Flow cytometry analysis of Th1/Th2
To observe the Th1/Th2 paradigm in the PBMC of pregnancy mice, the heparinized peripheral blood was collected surgically before the mice were sacrificed. Peripheral blood mononuclear cells (PBMC) were isolated from heparinized peripheral blood diluted two fold with Dulbecco’s phosphate-buffered saline (PBS) using a density gradient (TBD. China) with centrifugation at 350 × g for 10 min. Isolated PBMC suspension was washed twice with PBS. These PBMC were resuspended in DMEM (Gibco. USA) with 10 % fetal bovine serum (Gibco, USA) at 1 × 106/ml. Cells were cultured with PMA (25 ng/ml, Beyotime), Ionomycin (1 μg/ml, Beyotime) and Monensin (1.71 μg/ml, Beyotime) for 5 h at 37 °C and 5 % CO2. Upon harvest, cells were washed twice in PBS, then dealt with Fix&Perm kit (Beijing 4A Biotech Co., Ltd) according to the manufacturer’s instructions in 5 ml sterile tubes. After centrifugation, cells were divided equally, followed by incubating with 5 μl neutralizing antibodies CD4-PerCP-Cy5.5(30 μg/ml, 130-102-398; Miltenyi Biotec), anti-IL-4-APC (30 μg/ml, 130-102-398; Miltenyi Biotec) and anti- IFN-γ-PE (30 μg/ml, 130-102-388; Miltenyi Biotec) for 20 min in the dark at room temperature. After being washed in PBS, the cells were detected by a flow cytometer (Beckman Colter, USA) and the data analysis was performed using FlowJo software (version 7.6.2).
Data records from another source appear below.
(* Let $H$ be a connected graph, let $r\ge 2$, and let $G=H\circ rK_1$. Then $T\subseteq V(G)$ is a $\operatorname{Z}$-irrelevant set of $G$ if and only if $T\subseteq V(H)$.
   Context: Zero forcing on a graph $G$: starting with a set $S$ of blue vertices (others white), a blue vertex $v$ may change a white vertex $w$ to blue if $w$ is the only white neighbor of $v$; $S$ is a zero forcing set if repeated application colors all of $V(G)$ blue. A vertex $v$ is $\operatorname{Z}$-irrelevant if $v$ belongs to no minimal (under inclusion) zero forcing set of $G$; a set is $\operatorname{Z}$-irrelevant if all its vertices are. $rK_1$ is the graph of $r$ isolated vertices. The corona $H\circ F$ is obtained from $H$ by taking, for each $v\in V(H)$, a disjoint copy $F_v$ of $F$ and joining $v$ to every vertex of $F_v$; thus $H\circ rK_1$ attaches $r$ pendant leaves to each vertex of $H$. *)

theory Defs
  imports Main
begin

definition simple_graph :: "'a set \<Rightarrow> ('a \<Rightarrow> 'a \<Rightarrow> bool) \<Rightarrow> bool" where
  "simple_graph V E \<longleftrightarrow> finite V \<and> (\<forall>u v. E u v \<longrightarrow> u \<in> V \<and> v \<in> V)
     \<and> (\<forall>u v. E u v \<longrightarrow> E v u) \<and> (\<forall>v. \<not> E v v)"

definition connected_graph :: "'a set \<Rightarrow> ('a \<Rightarrow> 'a \<Rightarrow> bool) \<Rightarrow> bool" where
  "connected_graph V E \<longleftrightarrow> simple_graph V E \<and> V \<noteq> {}
     \<and> (\<forall>u\<in>V. \<forall>v\<in>V. E\<^sup>*\<^sup>* u v)"

text \<open>Since blue vertices stay blue, the
final colouring is the least set closed under the rule.\<close>

inductive_set zf_closure :: "'a set \<Rightarrow> ('a \<Rightarrow> 'a \<Rightarrow> bool) \<Rightarrow> 'a set \<Rightarrow> 'a set"
  for V E S where
  init: "x \<in> S \<Longrightarrow> x \<in> V \<Longrightarrow> x \<in> zf_closure V E S"
| force: "v \<in> zf_closure V E S \<Longrightarrow> w \<in> V \<Longrightarrow> E v w \<Longrightarrow>
          (\<forall>u\<in>V. E v u \<and> u \<noteq> w \<longrightarrow> u \<in> zf_closure V E S) \<Longrightarrow>
          w \<in> zf_closure V E S"

definition zero_forcing_set :: "'a set \<Rightarrow> ('a \<Rightarrow> 'a \<Rightarrow> bool) \<Rightarrow> 'a set \<Rightarrow> bool" where
  "zero_forcing_set V E S \<longleftrightarrow> S \<subseteq> V \<and> zf_closure V E S = V"

definition minimal_zero_forcing_set :: "'a set \<Rightarrow> ('a \<Rightarrow> 'a \<Rightarrow> bool) \<Rightarrow> 'a set \<Rightarrow> bool" where
  "minimal_zero_forcing_set V E S \<longleftrightarrow> zero_forcing_set V E S
     \<and> (\<forall>S'. S' \<subset> S \<longrightarrow> \<not> zero_forcing_set V E S')"

definition Z_irrelevant_vertex :: "'a set \<Rightarrow> ('a \<Rightarrow> 'a \<Rightarrow> bool) \<Rightarrow> 'a \<Rightarrow> bool" where
  "Z_irrelevant_vertex V E v \<longleftrightarrow> v \<in> V \<and> (\<forall>S. minimal_zero_forcing_set V E S \<longrightarrow> v \<notin> S)"

definition Z_irrelevant_set :: "'a set \<Rightarrow> ('a \<Rightarrow> 'a \<Rightarrow> bool) \<Rightarrow> 'a set \<Rightarrow> bool" where
  "Z_irrelevant_set V E T \<longleftrightarrow> T \<subseteq> V \<and> (\<forall>v\<in>T. Z_irrelevant_vertex V E v)"

text \<open>Corona H \<circ> rK_1: vertex Inl v is the copy of v \<in> V(H); Inr (v,i), i < r,
are the r pendant leaves attached to v.\<close>

definition corona_rK1_verts :: "'a set \<Rightarrow> nat \<Rightarrow> ('a + 'a \<times> nat) set" where
  "corona_rK1_verts V r = Inl ` V \<union> Inr ` (V \<times> {..<r})"

fun corona_rK1_edge :: "('a \<Rightarrow> 'a \<Rightarrow> bool) \<Rightarrow> 'a set \<Rightarrow> nat \<Rightarrow>
    ('a + 'a \<times> nat) \<Rightarrow> ('a + 'a \<times> nat) \<Rightarrow> bool" where
  "corona_rK1_edge E V r (Inl u) (Inl v) = E u v"
| "corona_rK1_edge E V r (Inl u) (Inr (v, i)) = (u = v \<and> u \<in> V \<and> i < r)"
| "corona_rK1_edge E V r (Inr (v, i)) (Inl u) = (u = v \<and> u \<in> V \<and> i < r)"
| "corona_rK1_edge E V r (Inr _) (Inr _) = False"

end

theory Submission
  imports Defs
begin

text \<open>For \<open>r \<ge> 2\<close> a set of vertices of \<open>H \<circ> rK\<^sub>1\<close> is zero forcing exactly when it
contains all but at most one leaf at every vertex of \<open>H\<close>: two white leaves at the same
vertex are false twins and can never be forced, while otherwise each vertex of \<open>H\<close> is
forced by one of its blue leaves and then forces its last white leaf.  Vertices of \<open>H\<close>
are therefore superfluous in a zero forcing set, so they lie in no minimal one, whereas
any leaf lies in the minimal zero forcing set that omits, at every vertex of \<open>H\<close>, a
single fixed other leaf.\<close>

lemma zf_closure_subset: "zf_closure V E S \<subseteq> V"
  by (auto elim: zf_closure.induct)

lemma false_twin_not_in_zf_closure:
  assumes "w \<in> V" "w' \<in> V" "w \<noteq> w'" "w \<notin> S" "w' \<notin> S"
    and twins: "\<And>v. E v w \<longleftrightarrow> E v w'"
  shows "w \<notin> zf_closure V E S"
proof -
  have "x \<notin> {w, w'}" if "x \<in> zf_closure V E S" for x
    using that
  proof (induction rule: zf_closure.induct)
    case (init x)
    then show ?case using assms by auto
  next
    case (force v x)
    show ?case
    proof
      assume "x \<in> {w, w'}"
      then obtain y where "y \<in> {w, w'}" "y \<noteq> x" "y \<in> V" "E v y"
        using assms(1-3) twins force.hyps(3) by auto
      then show False using force by auto
    qed
  qed
  then show ?thesis by blast
qed

definition misses_at_most_one_leaf :: "'a set \<Rightarrow> nat \<Rightarrow> ('a + 'a \<times> nat) set \<Rightarrow> bool" where
  "misses_at_most_one_leaf V r S \<longleftrightarrow>
     (\<forall>u\<in>V. \<forall>j<r. \<forall>j'<r. j \<noteq> j' \<longrightarrow> Inr (u, j) \<in> S \<or> Inr (u, j') \<in> S)"

lemma corona_zero_forcing_set_misses_at_most_one_leaf:
  assumes "zero_forcing_set (corona_rK1_verts V r) (corona_rK1_edge E V r) S"
  shows "misses_at_most_one_leaf V r S"
  unfolding misses_at_most_one_leaf_def
proof (intro ballI allI impI)
  fix u j j' assume u: "u \<in> V" and jj': "j < r" "j' < r" "j \<noteq> j'"
  have leaves: "Inr (u, j) \<in> corona_rK1_verts V r" "Inr (u, j') \<in> corona_rK1_verts V r"
    using u jj' by (auto simp: corona_rK1_verts_def)
  show "Inr (u, j) \<in> S \<or> Inr (u, j') \<in> S"
  proof (rule ccontr)
    assume "\<not> (Inr (u, j) \<in> S \<or> Inr (u, j') \<in> S)"
    then have "Inr (u, j) \<notin> zf_closure (corona_rK1_verts V r) (corona_rK1_edge E V r) S"
      using leaves jj'
      by (intro false_twin_not_in_zf_closure[of _ _ "Inr (u, j')"])
        (auto elim: corona_rK1_edge.elims)
    then show False
      using leaves(1) assms by (auto simp: zero_forcing_set_def)
  qed
qed

lemma corona_zero_forcing_setI:
  assumes "r \<ge> 2" "S \<subseteq> corona_rK1_verts V r" and cover: "misses_at_most_one_leaf V r S"
  shows "zero_forcing_set (corona_rK1_verts V r) (corona_rK1_edge E V r) S"
proof -
  let ?VG = "corona_rK1_verts V r" and ?EG = "corona_rK1_edge E V r"
  let ?C = "zf_closure ?VG ?EG S"
  have one_of_two_leaves: "Inr (u, j) \<in> S \<or> Inr (u, j') \<in> S"
    if "u \<in> V" "j < r" "j' < r" "j \<noteq> j'" for u j j'
    using cover that by (auto simp: misses_at_most_one_leaf_def)
  have centre: "Inl u \<in> ?C" if u: "u \<in> V" for u
  proof -
    have "0 < r" "1 < r" using assms(1) by auto
    then obtain j where j: "j < r" "Inr (u, j) \<in> S"
      using one_of_two_leaves[OF u, of 0 1] by auto
    then have "Inr (u, j) \<in> ?C"
      using u by (intro zf_closure.init) (auto simp: corona_rK1_verts_def)
    then show ?thesis
      by (rule zf_closure.force)
        (use u j in \<open>auto simp: corona_rK1_verts_def elim: corona_rK1_edge.elims\<close>)
  qed
  have leaf: "Inr (u, j) \<in> ?C" if u: "u \<in> V" and j: "j < r" for u j
  proof (cases "Inr (u, j) \<in> S")
    case True
    then show ?thesis using u j by (intro zf_closure.init) (auto simp: corona_rK1_verts_def)
  next
    case False
    have other_leaves: "x \<in> ?C" if x: "x \<in> ?VG" "?EG (Inl u) x" "x \<noteq> Inr (u, j)" for x
    proof (cases x)
      case (Inl y)
      then show ?thesis using x centre by (auto simp: corona_rK1_verts_def)
    next
      case (Inr p)
      then obtain k where "x = Inr (u, k)" "k < r" "k \<noteq> j"
        using x Inr by (cases p) auto
      then show ?thesis
        using one_of_two_leaves[OF u j, of k] False x(1) by (auto intro: zf_closure.init)
    qed
    show ?thesis
      by (rule zf_closure.force[OF centre[OF u]])
        (use u j other_leaves in \<open>auto simp: corona_rK1_verts_def\<close>)
  qed
  have "?VG \<subseteq> ?C"
    using centre leaf by (auto simp: corona_rK1_verts_def)
  then show ?thesis
    using zf_closure_subset[of ?VG ?EG S] assms(2) by (auto simp: zero_forcing_set_def)
qed

lemma corona_minimal_zero_forcing_set_leaves_only:
  assumes "r \<ge> 2" "minimal_zero_forcing_set (corona_rK1_verts V r) (corona_rK1_edge E V r) S"
  shows "S \<subseteq> range Inr"
proof -
  have zfs: "zero_forcing_set (corona_rK1_verts V r) (corona_rK1_edge E V r) S"
    using assms(2) by (simp add: minimal_zero_forcing_set_def)
  then have "misses_at_most_one_leaf V r S"
    by (rule corona_zero_forcing_set_misses_at_most_one_leaf)
  then have "zero_forcing_set (corona_rK1_verts V r) (corona_rK1_edge E V r) (S - range Inl)"
    using assms(1) zfs
    by (intro corona_zero_forcing_setI) (auto simp: zero_forcing_set_def misses_at_most_one_leaf_def)
  then have "\<not> S - range Inl \<subset> S"
    using assms(2) unfolding minimal_zero_forcing_set_def by blast
  then have "S - range Inl = S"
    by blast
  then show ?thesis
    by (metis Diff_iff rangeI subsetI sum.exhaust)
qed

lemma corona_leaf_in_minimal_zero_forcing_set:
  assumes "r \<ge> 2" "v \<in> V" "i < r"
  obtains S where "minimal_zero_forcing_set (corona_rK1_verts V r) (corona_rK1_edge E V r) S"
    and "Inr (v, i) \<in> S"
proof -
  define c :: nat where "c = (if i = 0 then 1 else 0)"
  have c: "c < r" "c \<noteq> i" using assms(1) by (auto simp: c_def)
  define S :: "('a + 'a \<times> nat) set" where "S = Inr ` (V \<times> ({..<r} - {c}))"
  have "zero_forcing_set (corona_rK1_verts V r) (corona_rK1_edge E V r) S"
    using assms(1) by (intro corona_zero_forcing_setI)
      (auto simp: S_def corona_rK1_verts_def misses_at_most_one_leaf_def)
  moreover have "\<not> zero_forcing_set (corona_rK1_verts V r) (corona_rK1_edge E V r) S'"
    if "S' \<subset> S" for S'
  proof
    assume "zero_forcing_set (corona_rK1_verts V r) (corona_rK1_edge E V r) S'"
    then have cover: "misses_at_most_one_leaf V r S'"
      by (rule corona_zero_forcing_set_misses_at_most_one_leaf)
    obtain u k where "Inr (u, k) \<notin> S'" "u \<in> V" "k < r" "k \<noteq> c"
      using \<open>S' \<subset> S\<close> by (auto simp: S_def)
    moreover have "Inr (u, c) \<notin> S'" using \<open>S' \<subset> S\<close> by (auto simp: S_def)
    ultimately show False
      using cover c(1) by (auto simp: misses_at_most_one_leaf_def)
  qed
  moreover have "Inr (v, i) \<in> S" using assms c by (auto simp: S_def)
  ultimately show ?thesis
    by (intro that) (auto simp: minimal_zero_forcing_set_def)
qed

theorem proposition2p20:
  fixes V :: "'a set" and E :: "'a \<Rightarrow> 'a \<Rightarrow> bool" and r :: nat
    and T :: "('a + 'a \<times> nat) set"
  assumes "connected_graph V E"
    and "r \<ge> 2"
    and "T \<subseteq> corona_rK1_verts V r"
  shows "Z_irrelevant_set (corona_rK1_verts V r) (corona_rK1_edge E V r) T
         \<longleftrightarrow> T \<subseteq> Inl ` V"
proof
  assume irrelevant: "Z_irrelevant_set (corona_rK1_verts V r) (corona_rK1_edge E V r) T"
  show "T \<subseteq> Inl ` V"
  proof
    fix x assume "x \<in> T"
    show "x \<in> Inl ` V"
    proof (rule ccontr)
      assume "x \<notin> Inl ` V"
      with \<open>x \<in> T\<close> assms(3) obtain v i where "x = Inr (v, i)" "v \<in> V" "i < r"
        by (auto simp: corona_rK1_verts_def)
      then show False
        using corona_leaf_in_minimal_zero_forcing_set[OF assms(2)] irrelevant \<open>x \<in> T\<close>
        by (metis Z_irrelevant_set_def Z_irrelevant_vertex_def)
    qed
  qed
next
  assume "T \<subseteq> Inl ` V"
  then show "Z_irrelevant_set (corona_rK1_verts V r) (corona_rK1_edge E V r) T"
    using assms(3) corona_minimal_zero_forcing_set_leaves_only[OF assms(2)]
    by (fastforce simp: Z_irrelevant_set_def Z_irrelevant_vertex_def)
qed

end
Cytokine enzyme-linked immunosorbent assay (ELISA)
Blood was obtained by retro-orbital bleeding and the serum was collected by spinning at 2000 × g for 10 min after 60 min of clotting at room temperature. IL-1, IL-4, IL-10, IFN-γ and TNF-α were analyzed using ELISA kit (Shanghai ELISA, China ) according to the manufacturer’s protocols.
Real-time PCR
PBMC were separated after the mice were euthanized, and RNA was extracted using TRIzol (Invitrogen, USA). RNA was quantitated using a spectrophotometer, and the same amount of RNA from each sample was used to make cDNA and was used as a template for real-time PCR. n = 3 for each replicate; three replicates were conducted. Each experimental time primer pairs were dropped on separate MicroAmp optical 96-well reaction plates using the 7500 Fast Real-Time PCR System (Applied Biosystems, USA). To determine the expression ratios of cytokine genes between cells induced to differentiate for various dose points, all values were normalized to β-actin according to equation:ΔCt = (Ctbaseline - Cttrmt)YFG -(Ctbaseline - Cttrmt)β-actin, then the ratio between treatment and baseline was calculated as 2|ΔCt|. The sign of the value for indicates either up or down-regulation. The primer sequences used were: for β-actin, 5′- TGACCGAGCGTGGCTACA-3′ and 5′- TCTCTTTGATGTCACG CACGAT -3′, for IL-1β,5′- CAACCAACAAGTGATATT CTCCATG-3′, for IL-10, 5′-CTATGCTGCCTGCTCTTACTG-′3, 5′- AACCCAAGTAACCCTTAAAGTC-3′, for TNF-α,5′- ATCCGCGACGTGGAACTG -3′, 5′- ACCGCCTGGAGTTCTGGAA -3′. For IFN-γ and IL-4 TaqMan analysis, the murine IFN-γ and IL-4 analysis kit form Applied Biosystems was used.
Statistical analysis
All experiments were repeated at least three times, with representative results shown. The data were expressed as mean ± standard deviation (SD). Statistical analysis was performed using SPSS software (Version 19 for Windows, SPSS, Italy SRL, Bologna, Italy). Statistical differences were determined using ANOVA followed by Dunnett’s multiple comparison test, the Tukey–Kramer multiple comparisons test or unpaired t test. The effects were considered significant if P ≤ 0.05.
Competing interest
The authors declare no conflict of interest.
Authors’ contributions
YCH and CMW conceived and designed the experiments; LW, YD and JL performed the experiments; FL and HT analyzed the data; HXH wrote and revised the manuscript. All authors read and approved the final manuscript.